L’educazione umana, secondo Vox Mentis, dovrebbe quindi subire un’autentica rivoluzione mediante una “inversione di marcia” verso la creazione del suono interiore, un fluido sonoro fondamentale, proprio ad ognuno di noi, che unisce mente e corpo in un’unità creatrice.

… La voce umana è un suono trasportatore di qualcosa che, al di là del fisico, è legato alla coscienza. E’ veicolo della coscienza dell’essere che, attraverso l’emissione vocale, si rapporta con un altro essere.

Sempre in questo contesto Vox Mentis evidenzia il ruolo della“ attenzione-concentrazione-discernimento-relazione-comunicazione”e della “profondità sonora e la suddivisione ritmico pulsativa”.
Nella nuova ottica d’ascolto sono fondamentali due elementi: il “suono profondo” e la “suddivisione ritmica”.

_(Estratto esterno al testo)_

(* Let $K$ be a biquadratic bicyclic number field with quadratic subfields $k_1,k_2,k_3$ and let $\eta\in\mathcal{O}_K^\times$. Then $\eta$ can be written $\eta=\rho^2/r$ with $\rho\in\mathcal{O}_K$ and $r\in\mathbb{Q}$ if and only if $\eta\in\mathcal{O}_K^*$. In particular, $\pm(\mathcal{O}_K^\times)^{2}\subseteq\mathcal{O}_K^*$.
   Context: $\mathcal{O}_k^\times$ is the unit group of the ring of integers of a number field $k$. For a quadratic field $k_i$, $\mathcal{O}_{k_i}^*=\{\eta\in\mathcal{O}_{k_i}^\times: N_{k_i/\mathbb{Q}}(\eta)=+1\}$. If $K\subset\mathbb{R}$, $\mathcal{O}_K^*$ is the set of $\eta\in\mathcal{O}_{k_1}^\times\mathcal{O}_{k_2}^\times\mathcal{O}_{k_3}^\times$ that are totally positive or totally negative; if $K\not\subset\mathbb{R}$, $\mathcal{O}_K^*=\mathcal{O}_{k_1}^*\mathcal{O}_{k_2}^*\mathcal{O}_{k_3}^*$. $(\mathcal{O}_K^\times)^2$ denotes the group of squares of units. *)

theory Defs
  imports Complex_Main "HOL-Computational_Algebra.Polynomial" "HOL-Computational_Algebra.Squarefree"
begin

text \<open>Quadratic field Q(s) inside the complex numbers, where s is a square root of a
  non-square rational.\<close>
definition quad_field :: "complex \<Rightarrow> complex set" where
  "quad_field s = {of_rat x + of_rat y * s | x y. True}"

definition biquad_field :: "int \<Rightarrow> int \<Rightarrow> complex set" where
  "biquad_field a b = {of_rat x + of_rat y * csqrt (of_int a) + of_rat z * csqrt (of_int b)
      + of_rat w * (csqrt (of_int a) * csqrt (of_int b)) | x y z w. True}"

definition ring_of_integers :: "complex set \<Rightarrow> complex set" where
  "ring_of_integers F = {x \<in> F. algebraic_int x}"

definition unit_group :: "complex set \<Rightarrow> complex set" where
  "unit_group F = {x \<in> ring_of_integers F. x \<noteq> 0 \<and> inverse x \<in> ring_of_integers F}"

definition quad_norm_is :: "complex \<Rightarrow> complex \<Rightarrow> complex \<Rightarrow> bool" where
  "quad_norm_is s \<eta> n \<longleftrightarrow> (\<exists>x y. \<eta> = of_rat x + of_rat y * s \<and>
       n = (of_rat x)\<^sup>2 - (of_rat y)\<^sup>2 * s\<^sup>2)"

definition quad_norm_one_units :: "complex \<Rightarrow> complex set" where
  "quad_norm_one_units s = {\<eta> \<in> unit_group (quad_field s). quad_norm_is s \<eta> 1}"

text \<open>The four embeddings of Q(sqrt a, sqrt b): sqrt a -> e1 sqrt a, sqrt b -> e2 sqrt b.\<close>
definition biquad_conj_is :: "int \<Rightarrow> int \<Rightarrow> complex \<Rightarrow> int \<Rightarrow> int \<Rightarrow> complex \<Rightarrow> bool" where
  "biquad_conj_is a b \<eta> e1 e2 c \<longleftrightarrow> (\<exists>x y z w.
      \<eta> = of_rat x + of_rat y * csqrt (of_int a) + of_rat z * csqrt (of_int b)
          + of_rat w * (csqrt (of_int a) * csqrt (of_int b)) \<and>
      c = of_rat x + of_int e1 * of_rat y * csqrt (of_int a) + of_int e2 * of_rat z * csqrt (of_int b)
          + of_int (e1 * e2) * of_rat w * (csqrt (of_int a) * csqrt (of_int b)))"

definition totally_positive :: "int \<Rightarrow> int \<Rightarrow> complex \<Rightarrow> bool" where
  "totally_positive a b \<eta> \<longleftrightarrow> (\<forall>e1\<in>{1,-1}. \<forall>e2\<in>{1,-1}. \<forall>c.
      biquad_conj_is a b \<eta> e1 e2 c \<longrightarrow> c \<in> \<real> \<and> Re c > 0)"

definition totally_negative :: "int \<Rightarrow> int \<Rightarrow> complex \<Rightarrow> bool" where
  "totally_negative a b \<eta> \<longleftrightarrow> (\<forall>e1\<in>{1,-1}. \<forall>e2\<in>{1,-1}. \<forall>c.
      biquad_conj_is a b \<eta> e1 e2 c \<longrightarrow> c \<in> \<real> \<and> Re c < 0)"

definition set_prod3 :: "complex set \<Rightarrow> complex set \<Rightarrow> complex set \<Rightarrow> complex set" where
  "set_prod3 A B C = {u * v * w | u v w. u \<in> A \<and> v \<in> B \<and> w \<in> C}"

text \<open>The group O_K^* of the paper, for K = Q(sqrt a, sqrt b),
  k1 = Q(sqrt a), k2 = Q(sqrt b), k3 = Q(sqrt a sqrt b) = Q(sqrt(ab)).\<close>
definition OK_star :: "int \<Rightarrow> int \<Rightarrow> complex set" where
  "OK_star a b =
    (let s1 = csqrt (of_int a); s2 = csqrt (of_int b); s3 = s1 * s2 in
     if biquad_field a b \<subseteq> \<real> then
       {\<eta> \<in> set_prod3 (unit_group (quad_field s1)) (unit_group (quad_field s2)) (unit_group (quad_field s3)).
          totally_positive a b \<eta> \<or> totally_negative a b \<eta>}
     else set_prod3 (quad_norm_one_units s1) (quad_norm_one_units s2) (quad_norm_one_units s3))"

end

theory Submission
  imports Defs "Jordan_Normal_Form.Char_Poly"
begin

text \<open>
  Let \<open>k\<^sub>1 = \<rat>(\<surd>a)\<close>, \<open>k\<^sub>2 = \<rat>(\<surd>b)\<close>, \<open>k\<^sub>3 = \<rat>(\<surd>ab)\<close>. Both sides of the equivalence amount to
  writing \<open>\<eta> = u\<^sub>1 u\<^sub>2 u\<^sub>3\<close> with units \<open>u\<^sub>i \<in> k\<^sub>i\<close> that all have the same norm \<open>n = \<plusminus>1\<close>.

  If \<open>\<rho>\<^sup>2 = r \<eta>\<close> and \<open>\<sigma>\<close> is the automorphism of \<open>K\<close> fixing \<open>k\<^sub>i\<close>, the relative norm
  \<open>v\<^sub>i = \<rho> \<sigma>(\<rho>) / r\<close> satisfies \<open>v\<^sub>i\<^sup>2 = \<eta> \<sigma>(\<eta>)\<close>, so it is a unit of \<open>k\<^sub>i\<close>; all three have norm
  \<open>N(\<rho>) / r\<^sup>2\<close>, and \<open>v\<^sub>1 v\<^sub>2 v\<^sub>3 = \<eta> N(\<rho>) / r\<^sup>2\<close>. Conversely, for such \<open>u\<^sub>i\<close> and signs
  \<open>\<epsilon>\<^sub>1, \<epsilon>\<^sub>2\<close>, the element \<open>\<rho> = \<eta> + \<epsilon>\<^sub>1 u\<^sub>1 + \<epsilon>\<^sub>2 u\<^sub>2 + n \<epsilon>\<^sub>1 \<epsilon>\<^sub>2 u\<^sub>3\<close> satisfies
  \<open>\<rho>\<^sup>2 = (Tr \<eta> + 2 (\<epsilon>\<^sub>1 Tr u\<^sub>1 + \<epsilon>\<^sub>2 Tr u\<^sub>2 + n \<epsilon>\<^sub>1 \<epsilon>\<^sub>2 Tr u\<^sub>3)) \<eta>\<close>, and one of the four choices of
  signs gives \<open>\<rho> \<noteq> 0\<close> because their sum is \<open>4 \<eta>\<close>.

  For real \<open>K\<close>, \<open>\<eta> = \<rho>\<^sup>2 / r\<close> has the sign of \<open>r\<close> at every
  embedding, and conversely a totally positive or negative \<open>\<eta> = u\<^sub>1 u\<^sub>2 u\<^sub>3\<close> has norms of equal sign,
  since \<open>\<sigma>(\<eta>) \<eta> = N(u\<^sub>j) N(u\<^sub>k) u\<^sub>i\<^sup>2\<close>. For imaginary \<open>K\<close> one of \<open>k\<^sub>1, k\<^sub>2\<close> is imaginary quadratic,
  so its norms are positive and \<open>n = 1\<close>.
\<close>

section \<open>Algebraic integers\<close>

definition int_span :: "'a::comm_ring_1 set \<Rightarrow> 'a set" where
  "int_span S = {\<Sum>g\<in>S. of_int (c g) * g | c. True}"
lemma images_Int_eq_if_supports_Int:
  assumes "supports_Int (l + m + n)"
  shows "images_Int_eq l m n"
  unfolding images_Int_eq_def
proof (rule subset_antisym[OF subsetI images_Int_supset])
  fix z
  assume "z \<in> imap (l + m) (l + m + n) (restrict id {..<l + m}) k ` X (l + m) k
     \<inter> imap (m + n) (l + m + n) (\<lambda>i\<in>{..<m + n}. l + i) k ` X (m + n) k"
  then obtain x y where x: "x \<in> X (l + m) k" "z = imap (l + m) (l + m + n) (restrict id {..<l + m}) k x"
    and y: "y \<in> X (m + n) k" "z = imap (m + n) (l + m + n) (\<lambda>i\<in>{..<m + n}. l + i) k y"
    by blast
  have "supported (l + m + n) z {..<l + m}"
    by (rule supportedI[OF Inj_blocks(1) _ x]) auto
  moreover have "supported (l + m + n) z {l..<l + m + n}"
    by (rule supportedI[OF Inj_blocks(2) _ y]) auto
  ultimately have "supported (l + m + n) z ({..<l + m} \<inter> {l..<l + m + n})"
    using assms unfolding supports_Int_def by blast
  moreover have "{..<l + m} \<inter> {l..<l + m + n} \<inter> {..<l + m + n} \<subseteq> (\<lambda>i\<in>{..<m}. l + i) ` {..<m}"
    unfolding image_shift by auto
  ultimately obtain w where "w \<in> X m k" "z = imap m (l + m + n) (\<lambda>i\<in>{..<m}. l + i) k w"
    using supported_factor[OF _ Inj_blocks(3)] by blast
  then show "z \<in> imap m (l + m + n) (\<lambda>i\<in>{..<m}. l + i) k ` X m k"
    by blast
qed

lemma supported_middle_block:
  assumes "images_Int_eq l m n"
    and "supported (l + m + n) z {..<l + m}" "supported (l + m + n) z {l..<l + m + n}"
  shows "supported (l + m + n) z {l..<l + m}"
proof -
  obtain x where "x \<in> X (l + m) k" "z = imap (l + m) (l + m + n) (restrict id {..<l + m}) k x"
    using supported_factor[OF assms(2) Inj_blocks(1)] by auto
  moreover obtain y where "y \<in> X (m + n) k" "z = imap (m + n) (l + m + n) (\<lambda>i\<in>{..<m + n}. l + i) k y"
    using supported_factor[OF assms(3) Inj_blocks(2)] image_shift[of l "m + n"] by (auto simp: add.assoc)
  ultimately obtain u where "u \<in> X m k" "z = imap m (l + m + n) (\<lambda>i\<in>{..<m}. l + i) k u"
    using assms(1) unfolding images_Int_eq_def by blast
  then show ?thesis
    using supportedI[OF Inj_blocks(3)] image_shift[of l m] by auto
qed
lemma (in prob_space) integrable_powr_le_exponent:
  fixes W :: "'a \<Rightarrow> real"
  assumes W[measurable]: "W \<in> borel_measurable M" and W_nonneg: "\<And>x. 0 \<le> W x"
    and int: "integrable M (\<lambda>x. W x powr l)" and k: "0 \<le> k" "k \<le> l"
  shows "integrable M (\<lambda>x. W x powr k)"
proof (rule Bochner_Integration.integrable_bound)
  show "integrable M (\<lambda>x. 1 + W x powr l)" using int by simp
  have "W x powr k \<le> 1 + W x powr l" for x
  proof (cases "W x \<le> 1")
    case True
    then have "W x powr k \<le> 1" using W_nonneg k by (intro powr_le1) auto
    then show ?thesis by (smt (verit) powr_ge_zero)
  next
    case False
    then have "W x powr k \<le> W x powr l" using k by (intro powr_mono) auto
    then show ?thesis by simp
  qed
  then show "AE x in M. norm (W x powr k) \<le> norm (1 + W x powr l)"
    by (simp add: add_nonneg_nonneg)
qed measurable

lemma weight_model_importance_weight:
  fixes p q :: "'a::euclidean_space \<Rightarrow> real"
  assumes p_meas: "p \<in> borel_measurable lborel" and p_pos: "\<And>y. 0 < p y"
    and q_nonneg: "\<And>y. 0 \<le> q y" and q_int: "integrable lborel q" and q_prob: "(\<integral>y. q y \<partial>lborel) = 1"
    and alpha: "0 \<le> \<alpha>" "\<alpha> \<le> 1"
    and mom4: "integrable (density lborel (\<lambda>y. ennreal (q y))) (\<lambda>y. iw p q y powr (4 * (1 - \<alpha>)))"
    and wz: "0 < iw p q z"
  shows "weight_model (density lborel (\<lambda>y. ennreal (q y))) (\<lambda>y. iw p q y powr (1 - \<alpha>)) \<alpha> (iw p q z powr (1 - \<alpha>))"
proof -
  let ?N = "density lborel (\<lambda>y. ennreal (q y))"
  interpret N: prob_space ?N by (rule prob_space_density_integral_eq_1[OF q_nonneg q_int q_prob])
  have [measurable]: "p \<in> borel_measurable borel" "q \<in> borel_measurable borel"
    using p_meas borel_measurable_integrable[OF q_int] by auto
  have W[measurable]: "iw p q \<in> borel_measurable ?N" unfolding iw_def by simp
  have W_nonneg: "0 \<le> iw p q y" for y using p_pos[of y] q_nonneg[of y] by (simp add: iw_def)
  note moments = N.integrable_powr_le_exponent[OF W W_nonneg mom4]
  have Y_sq: "(iw p q y powr (1 - \<alpha>))\<^sup>2 = iw p q y powr (2 * (1 - \<alpha>))" for y
    by (simp add: power2_eq_square flip: powr_add)
  have pos: "AE y in ?N. 0 < iw p q y powr (1 - \<alpha>)"
    using p_pos q_nonneg by (subst AE_density) (auto intro!: AE_I2 simp: iw_def less_le)
  have "N.expectation (\<lambda>y. iw p q y powr (1 - \<alpha>)) \<noteq> 0"
  proof
    assume "N.expectation (\<lambda>y. iw p q y powr (1 - \<alpha>)) = 0"
    then have "AE y in ?N. iw p q y powr (1 - \<alpha>) = 0"
      using moments[of "1 - \<alpha>"] alpha by (subst (asm) integral_nonneg_eq_0_iff_AE) auto
    with pos have "AE y in ?N. False" by eventually_elim simp
    then show False by (simp add: N.AE_False)
  qed
  moreover have "0 \<le> N.expectation (\<lambda>y. iw p q y powr (1 - \<alpha>))"
    by (intro Bochner_Integration.integral_nonneg) simp
  ultimately have "0 < N.expectation (\<lambda>y. iw p q y powr (1 - \<alpha>))" by linarith
  then show ?thesis
    using moments[of "1 - \<alpha>"] moments[of "2 * (1 - \<alpha>)"] alpha wz
    by unfold_locales (simp_all add: Y_sq)
qed

theorem theorem2:
  fixes p q :: "'a::euclidean_space \<Rightarrow> real" and \<alpha> :: real and z b :: 'a
  assumes p_meas: "p \<in> borel_measurable lborel"
    and p_pos: "\<And>y. p y > 0"
    and p_int: "integrable lborel p"
    and p_diff: "\<And>y. p differentiable (at y)"
    and q_meas: "q \<in> borel_measurable lborel"
    and q_nonneg: "\<And>y. q y \<ge> 0"
    and q_int: "integrable lborel q"
    and q_prob: "(\<integral>y. q y \<partial>lborel) = 1"
    and alpha: "0 \<le> \<alpha>" "\<alpha> < 1"
    and r: "b \<in> Basis"
    and mom4: "integrable (density lborel (\<lambda>y. ennreal (q y))) (\<lambda>y. iw p q y powr (4 * (1 - \<alpha>)))"
    and mom12: "integrable (density lborel (\<lambda>y. ennreal (q y))) (\<lambda>y. iw p q y powr (-12 * (1 - \<alpha>)))"
    and wz: "iw p q z > 0"
    and q_diff_z: "q differentiable (at z)"
    and grad_nz: "partial_deriv (\<lambda>y. ln (iw p q y)) z b \<noteq> 0"
  shows "\<exists>c>0. \<exists>K0. \<forall>K\<ge>K0. \<forall>M\<ge>1.
           snr (sample_space q M K)
               (vr_grad_est \<alpha> (iw p q) (partial_deriv (\<lambda>y. ln (iw p q y)) z b) M K z)
             \<ge> ereal (c * sqrt (real M * real K))"
proof -
  define N where "N = density lborel (\<lambda>y. ennreal (q y))"
  define D where "D = partial_deriv (\<lambda>y. ln (iw p q y)) z b"
  interpret weight_model N "\<lambda>y. iw p q y powr (1 - \<alpha>)" \<alpha> "iw p q z powr (1 - \<alpha>)"
    unfolding N_def using alpha
    by (intro weight_model_importance_weight[OF p_meas p_pos q_nonneg q_int q_prob _ _ mom4 wz]) auto
  have estimator: "vr_grad_est \<alpha> (iw p q) D M K z = (\<lambda>\<omega>. 1 / real M * (\<Sum>m<M. row_weight \<omega> m (K - 1) * D))"
    for M K by (simp add: fun_eq_iff vr_grad_est_def gm_def row_weight_def row_sum_def vr_weight_def add.commute)
  have samples: "sample_space q M K = PiM ({..<M} \<times> {..<K - 1}) (\<lambda>_. N)" for M K
    by (simp add: sample_space_def N_def)
  show ?thesis
  proof (intro exI[of _ "1 / sqrt C0"] conjI exI[of _ "2::nat"] allI impI)
    show "0 < 1 / sqrt C0" using C0_pos by simp
    fix K M :: nat
    assume "2 \<le> K" "1 \<le> M"
    then have "ereal (sqrt (real M * real K) / sqrt C0) \<le> snr (sample_space q M K) (vr_grad_est \<alpha> (iw p q) D M K z)"
      using snr_row_average_ge[of M "K - 1" D] grad_nz[folded D_def] by (simp add: estimator samples of_nat_diff)
    then show "ereal (1 / sqrt C0 * sqrt (real M * real K))
        \<le> snr (sample_space q M K) (vr_grad_est \<alpha> (iw p q) (partial_deriv (\<lambda>y. ln (iw p q y)) z b) M K z)"
      by (simp add: D_def)
  qed
qed

end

Una ulteriore curiosità del Vox Mentis  è la presentazione  della “ respirazione prenatale e postnatale” come base del KI AI e l’Abnegazione di sé stessi come la base di un nuovo comportamento umano, un nuovo indirizzo di pensiero dove la frammentazione corporeo-funzionale non ha più ragione di esistere.

Interessantissima è inoltre la teoria dei “due cervelli”- uno situato nella scatola cranica, l’altro nell’addome o, per meglio dire, al livello del sesso …..

L’unione dell’azione dei due cervelli in un processo simultaneo porta all’integrazione corporea con conseguente sviluppo di energia magnetica che è alla base dei fenomeni di biomagnetismo (guarigioni) e di psicocinesi (spostamento di materia).

Cosa avrebbe pensato Manuel Garcia, il fratello della divina Maria Felicia Garcia Malibran, insegnante di canto fino ad incredibili 101 anni? Gabriela, sei tu il suo successore?